In Adana I asked one of the leading Moslem teachers, a mullah of great intelligence and influence, to explain the massacre. He was an old man, thin, white-haired, sharp-featured, a veteran who had given strong proof of his opposition to crime and his friendship for Christians. Pulling his turban down over his eyes and running his rosary through his wrinkled fingers, he expressed his admiration of the work done by the Christian missionaries, and declared that, if he had dared to, he would have willingly sent his own daughters to Dr. Chamber's American school. He said that the thing which lay at the bottom of the massacre was the inability of Moslems to tolerate any challenge to the principle of Moslem supremacy.
"No constitution, no proclamation of equality between races and religions, can change the situation," he said. "The Government cannot do what the Prophet himself could not do if he were here."

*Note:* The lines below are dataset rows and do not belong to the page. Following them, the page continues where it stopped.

(* Let $n,k$ be integers with $2\le k<n/2$. The space of equiangular Gutkin $(n,k)$-gons, modulo the group of similarities, is identified (via the side lengths) with the intersection of an $M$-dimensional affine subspace with the positive orthant $\mathbb{R}^n_+$, where $M$ is the number of integers $r$ with $2\le r\le n-2$ satisfying $$\tan\Big(\frac{kr\pi}{n}\Big)\tan\Big(\frac{\pi}{n}\Big)=\tan\Big(\frac{k\pi}{n}\Big)\tan\Big(\frac{r\pi}{n}\Big).$$
   Context: Let $P$ be a convex $n$-gon in the Euclidean plane with vertices $v_0,\dots,v_{n-1}$ in their cyclic (counterclockwise) order, indices taken modulo $n$. $P$ is a Gutkin $(n,k)$-gon if there exists an angle $\alpha$ such that for every $i$, $\angle v_{i+1}v_iv_{i+k}=\angle v_{i+k-1}v_{i+k}v_i=\alpha$, where $\angle abc$ denotes the angle at $b$ between the segments $ba$ and $bc$. Equiangular means all interior angles are equal; the side lengths are $|v_{i+1}-v_i|$, $0\le i\le n-1$. *)

theory Defs
  imports Complex_Main
begin

text \<open>Polygons are given by their vertices v 0, ..., v (n-1) as complex numbers
  (points of the Euclidean plane); indices are taken modulo n via vtx.\<close>

definition vtx :: "nat \<Rightarrow> (nat \<Rightarrow> complex) \<Rightarrow> nat \<Rightarrow> complex" where
  "vtx n v i = v (i mod n)"

definition ang :: "complex \<Rightarrow> complex \<Rightarrow> complex \<Rightarrow> real" where
  "ang a b c = arccos (Re (cnj (a - b) * (c - b)) / (cmod (a - b) * cmod (c - b)))"

definition convex_ccw_polygon :: "nat \<Rightarrow> (nat \<Rightarrow> complex) \<Rightarrow> bool" where
  "convex_ccw_polygon n v \<longleftrightarrow> 3 \<le> n \<and>
     (\<forall>i<n. \<forall>j<n. i \<noteq> j \<longrightarrow> v i \<noteq> v j) \<and>
     (\<forall>i<n. \<forall>j<n. j \<noteq> i \<longrightarrow> j \<noteq> (i + 1) mod n \<longrightarrow>
        Im (cnj (vtx n v (i + 1) - vtx n v i) * (vtx n v j - vtx n v i)) > 0)"

definition interior_angle :: "nat \<Rightarrow> (nat \<Rightarrow> complex) \<Rightarrow> nat \<Rightarrow> real" where
  "interior_angle n v i = ang (vtx n v (i + n - 1)) (vtx n v i) (vtx n v (i + 1))"

definition equiangular :: "nat \<Rightarrow> (nat \<Rightarrow> complex) \<Rightarrow> bool" where
  "equiangular n v \<longleftrightarrow> (\<forall>i<n. \<forall>j<n. interior_angle n v i = interior_angle n v j)"

definition gutkin :: "nat \<Rightarrow> nat \<Rightarrow> (nat \<Rightarrow> complex) \<Rightarrow> bool" where
  "gutkin n k v \<longleftrightarrow> convex_ccw_polygon n v \<and>
     (\<exists>\<alpha>. \<forall>i<n.
        ang (vtx n v (i + 1)) (vtx n v i) (vtx n v (i + k)) = \<alpha> \<and>
        ang (vtx n v (i + k - 1)) (vtx n v (i + k)) (vtx n v i) = \<alpha>)"

definition side_lengths :: "nat \<Rightarrow> (nat \<Rightarrow> complex) \<Rightarrow> nat \<Rightarrow> real" where
  "side_lengths n v = (\<lambda>i. if i < n then cmod (vtx n v (i + 1) - vtx n v i) else 0)"

text \<open>Similarity of labelled polygons (orientation-preserving similarity z |-> a z + b).\<close>
definition similar_polys :: "nat \<Rightarrow> (nat \<Rightarrow> complex) \<Rightarrow> (nat \<Rightarrow> complex) \<Rightarrow> bool" where
  "similar_polys n v w \<longleftrightarrow> (\<exists>a b. a \<noteq> 0 \<and> (\<forall>i<n. w i = a * v i + b))"

text \<open>When all tangents are defined it is used literally; otherwise (some cosine vanishes)
  the equation is read after clearing denominators (i.e. in the projective sense).\<close>
definition tan_cond :: "nat \<Rightarrow> nat \<Rightarrow> nat \<Rightarrow> bool" where
  "tan_cond n k r \<longleftrightarrow>
     (let A = real (k * r) * pi / real n; B = real k * pi / real n;
          C = real r * pi / real n; D = pi / real n in
      if cos A \<noteq> 0 \<and> cos B \<noteq> 0 \<and> cos C \<noteq> 0 \<and> cos D \<noteq> 0
      then tan A * tan D = tan B * tan C
      else sin A * cos B * cos C * sin D = cos A * sin B * sin C * cos D)"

"Yet the Sheik-ul-Islam and many great doctors of the sacred law have told me that it was the religious duty of a Moslem to protect his Christian countryman," I said.

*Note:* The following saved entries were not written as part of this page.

lemma znorm_solution_diff_le:
  assumes "I \<in> Z2 c0 \<rho>0 k l m" and "J \<in> Z2 c0 \<rho>0 k l m"
    and "is_solution U0 c0 \<rho>0 (Z2 c0 \<rho>0 k l m) T I u" and "is_solution U0 c0 \<rho>0 (Z2 c0 \<rho>0 k l m) T J v"
    and "t \<in> {0..T}"
  shows "znorm (zsub (u t) (v t)) \<le> pol_bound * coord_bound * znorm (zsub I J)"
proof -
  obtain f g where I: "I = wave f" and J: "J = wave g"
    using assms(1,2) unfolding mem_Z2_iff by blast
  have "u t = wave (evolve f t)" "v t = wave (evolve g t)"
    using solution_eq_wave_evolve assms(3-5) unfolding I J by blast+
  then have "zsub (u t) (v t) = wave (evolve (\<lambda>i a. f i a - g i a) t)"
    by (simp add: zsub_wave evolve_diff)
  moreover have "\<forall>j<4. bounded_field (comp j (wave (\<lambda>i a. f i a - g i a)))"
    using bounded_comp_zsub[OF bounded_comp_Z2 bounded_comp_Z2, OF assms(1,2)] by (simp add: I J zsub_wave)
  ultimately show ?thesis
    using bounded_wave_evolve(2) by (simp add: I J zsub_wave)
qed

lemma well_posed_Z2: "well_posed U0 c0 \<rho>0 (Z2 c0 \<rho>0 k l m) T"
  unfolding well_posed_def
proof (intro conjI ballI allI impI)
  fix I assume "I \<in> Z2 c0 \<rho>0 k l m"
  then obtain f where "\<forall>i\<in>{1..4}. f i C1_differentiable_on UNIV" and "I = wave f"
    unfolding mem_Z2_iff by blast
  with \<open>I \<in> Z2 c0 \<rho>0 k l m\<close> show "\<exists>u. is_solution U0 c0 \<rho>0 (Z2 c0 \<rho>0 k l m) T I u"
    using is_solution_wave_evolve by blast
  fix u v t
  assume "is_solution U0 c0 \<rho>0 (Z2 c0 \<rho>0 k l m) T I u"
    and "is_solution U0 c0 \<rho>0 (Z2 c0 \<rho>0 k l m) T I v" and "t \<in> {0..T}"
  then have "u t = wave (evolve f t)" and "v t = wave (evolve f t)"
    using solution_eq_wave_evolve unfolding \<open>I = wave f\<close> by blast+
  then show "u t = v t" by simp
next
  fix In I un u t
  assume In: "\<forall>n. In n \<in> Z2 c0 \<rho>0 k l m" and I: "I \<in> Z2 c0 \<rho>0 k l m"
    and lim: "(\<lambda>n. znorm (zsub (In n) I)) \<longlonglongrightarrow> 0"
    and sol_n: "\<forall>n. is_solution U0 c0 \<rho>0 (Z2 c0 \<rho>0 k l m) T (In n) (un n)"
    and sol: "is_solution U0 c0 \<rho>0 (Z2 c0 \<rho>0 k l m) T I u" and t: "t \<in> {0..T}"
  have bound: "norm (znorm (zsub (un n t) (u t))) \<le> pol_bound * coord_bound * znorm (zsub (In n) I)" for n
  proof -
    have "un n t \<in> Z2 c0 \<rho>0 k l m" "u t \<in> Z2 c0 \<rho>0 k l m"
      using solution_in_phase_space sol_n sol t by blast+
    then have "0 \<le> znorm (zsub (un n t) (u t))"
      by (intro znorm_nonneg bounded_comp_zsub bounded_comp_Z2)
    with znorm_solution_diff_le[OF spec[OF In, of n] I spec[OF sol_n, of n] sol t] show ?thesis
      by simp
  qed
  show "(\<lambda>n. znorm (zsub (un n t) (u t))) \<longlonglongrightarrow> 0"
  proof (rule Lim_null_comparison)
    show "\<forall>\<^sub>F n in sequentially. norm (znorm (zsub (un n t) (u t))) \<le> pol_bound * coord_bound * znorm (zsub (In n) I)"
      using bound by (intro always_eventually allI)
    show "(\<lambda>n. pol_bound * coord_bound * znorm (zsub (In n) I)) \<longlonglongrightarrow> 0"
      using tendsto_mult_right_zero[OF lim, of "pol_bound * coord_bound"] by simp
  qed
qed

lemma null_stable_Z2: "null_stable U0 c0 \<rho>0 (Z2 c0 \<rho>0 k l m)"
  unfolding null_stable_def
proof (intro conjI allI impI well_posed_Z2)
  fix \<epsilon> :: real assume "\<epsilon> > 0"
  define C where "C = pol_bound * coord_bound + 1"
  have "C > 0" using pol_bound_mult_coord_bound_nonneg by (simp add: C_def)
  show "\<exists>\<eta>>0. \<forall>I\<in>Z2 c0 \<rho>0 k l m. znorm I < \<eta> \<longrightarrow>
      (\<forall>t0>0. \<forall>u. is_solution U0 c0 \<rho>0 (Z2 c0 \<rho>0 k l m) t0 I u \<longrightarrow> (\<forall>t\<in>{0..t0}. znorm (u t) < \<epsilon>))"
  proof (intro exI[of _ "\<epsilon> / C"] conjI ballI allI impI)
    show "\<epsilon> / C > 0" using \<open>\<epsilon> > 0\<close> \<open>C > 0\<close> by simp
    fix I t0 u t
    assume I: "I \<in> Z2 c0 \<rho>0 k l m" and small: "znorm I < \<epsilon> / C"
      and sol: "is_solution U0 c0 \<rho>0 (Z2 c0 \<rho>0 k l m) t0 I u" and t: "t \<in> {0..t0}"
    have "0 \<le> znorm I" using I by (intro znorm_nonneg bounded_comp_Z2)
    have "znorm (u t) \<le> pol_bound * coord_bound * znorm I"
      by (rule znorm_solution_le[OF I sol t])
    also have "\<dots> \<le> C * znorm I"
      using \<open>0 \<le> znorm I\<close> by (simp add: C_def distrib_right)
    also have "\<dots> < C * (\<epsilon> / C)"
      using small \<open>C > 0\<close> by (intro mult_strict_left_mono)
    finally show "znorm (u t) < \<epsilon>" using \<open>C > 0\<close> by simp
  qed
qed

end

theorem proposition21:
  fixes U0 c0 \<rho>0 :: real and k l m :: "nat \<Rightarrow> real"
  assumes "U0 > 0" and "c0 > 0" and "\<rho>0 > 0"
    and "k 1 * k 2 * k 3 * k 4 \<noteq> 0"
    and "Delta c0 \<rho>0 k l m \<noteq> 0"
  shows "(\<forall>t0>0. well_posed U0 c0 \<rho>0 (Z2 c0 \<rho>0 k l m) t0) \<and> null_stable U0 c0 \<rho>0 (Z2 c0 \<rho>0 k l m)"
proof -
  interpret linearized_euler U0 c0 \<rho>0 k l m
    using assms(4,5) by unfold_locales
  show ?thesis using well_posed_Z2 null_stable_Z2 by blast
qed

end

"Yes, yes, it is true. Nevertheless, things are as I told you. The Moslems of this country - I speak of the ignorant millions and their leaders - will never accept the principle of Christian equality."
"But is it possible that the teachers of the Moslem religion cannot reach and influence the members of their faith?"
"The Sheik-ul-Islam himself, if he came here, could do nothing."
Then, folding his arms and swaying from side to side, he told this fable:
"Once there was a lion who went hunting with a hyena and a fox. They captured a sheep, a goat and a hare. 'How shall we divide the spoil?' demanded the lion. The hyena spoke first. 'You will eat the sheep, I will eat the goat, and the fox will eat the hare,' he said. Thereupon the lion bit the hyena's head off. Then the lion turned to the fox. 'How shall we divide the spoil?' he asked. 'Well,’ said the fox, 'you will eat the sheep for breakfast, then you will eat the goat for dinner, and at night the hare will do very well for your supper.' 'What put that in your mind?' asked the lion. 'The hyena's head,' answered the fox."
"And that illustrates the situation of Moslem and Christian in Asia Minor," added the wise old mullah.
The voice of the American people today can compel an initiative behind which the chivalry and humanity of the masses of Christian Europe would unite in a demonstration majestic enough to inspire fear, if not respect, even in the Moslem of Asia Minor.
After the slaughter of 30,000 men, women and children, the execution of a few minor criminals, while hundreds of fully identified murderers and the men who set them on are allowed to go about gloating over their work, is a challenge to Christendom. If the Turkish Government is not strong enough to prevent or punish widespread barbarism in Asia Minor, the great nations should take the work in hand, and America, free from any suspicion of political intrigue or conquest, should be the first to speak. The systematic extermination of Christians is as well worth international protest and international interference as the old questions of piracy and the slave trade, and although it may be true, as the Sheik-ul-Islam and the Grand Vizier assured me in Constantinople, that there is nothing in the true policy of Islam to justify or suggest attacks on Christians, my investigations on the field of the last massacre have convinced me that unless the great Christian nations speak now, and speak in unmistakable language, and with a solemn pledge to back their word by deeds, the immense Christian population of Asiatic Turkey must continue to live in daily fear of their merciless Moslem oppressors.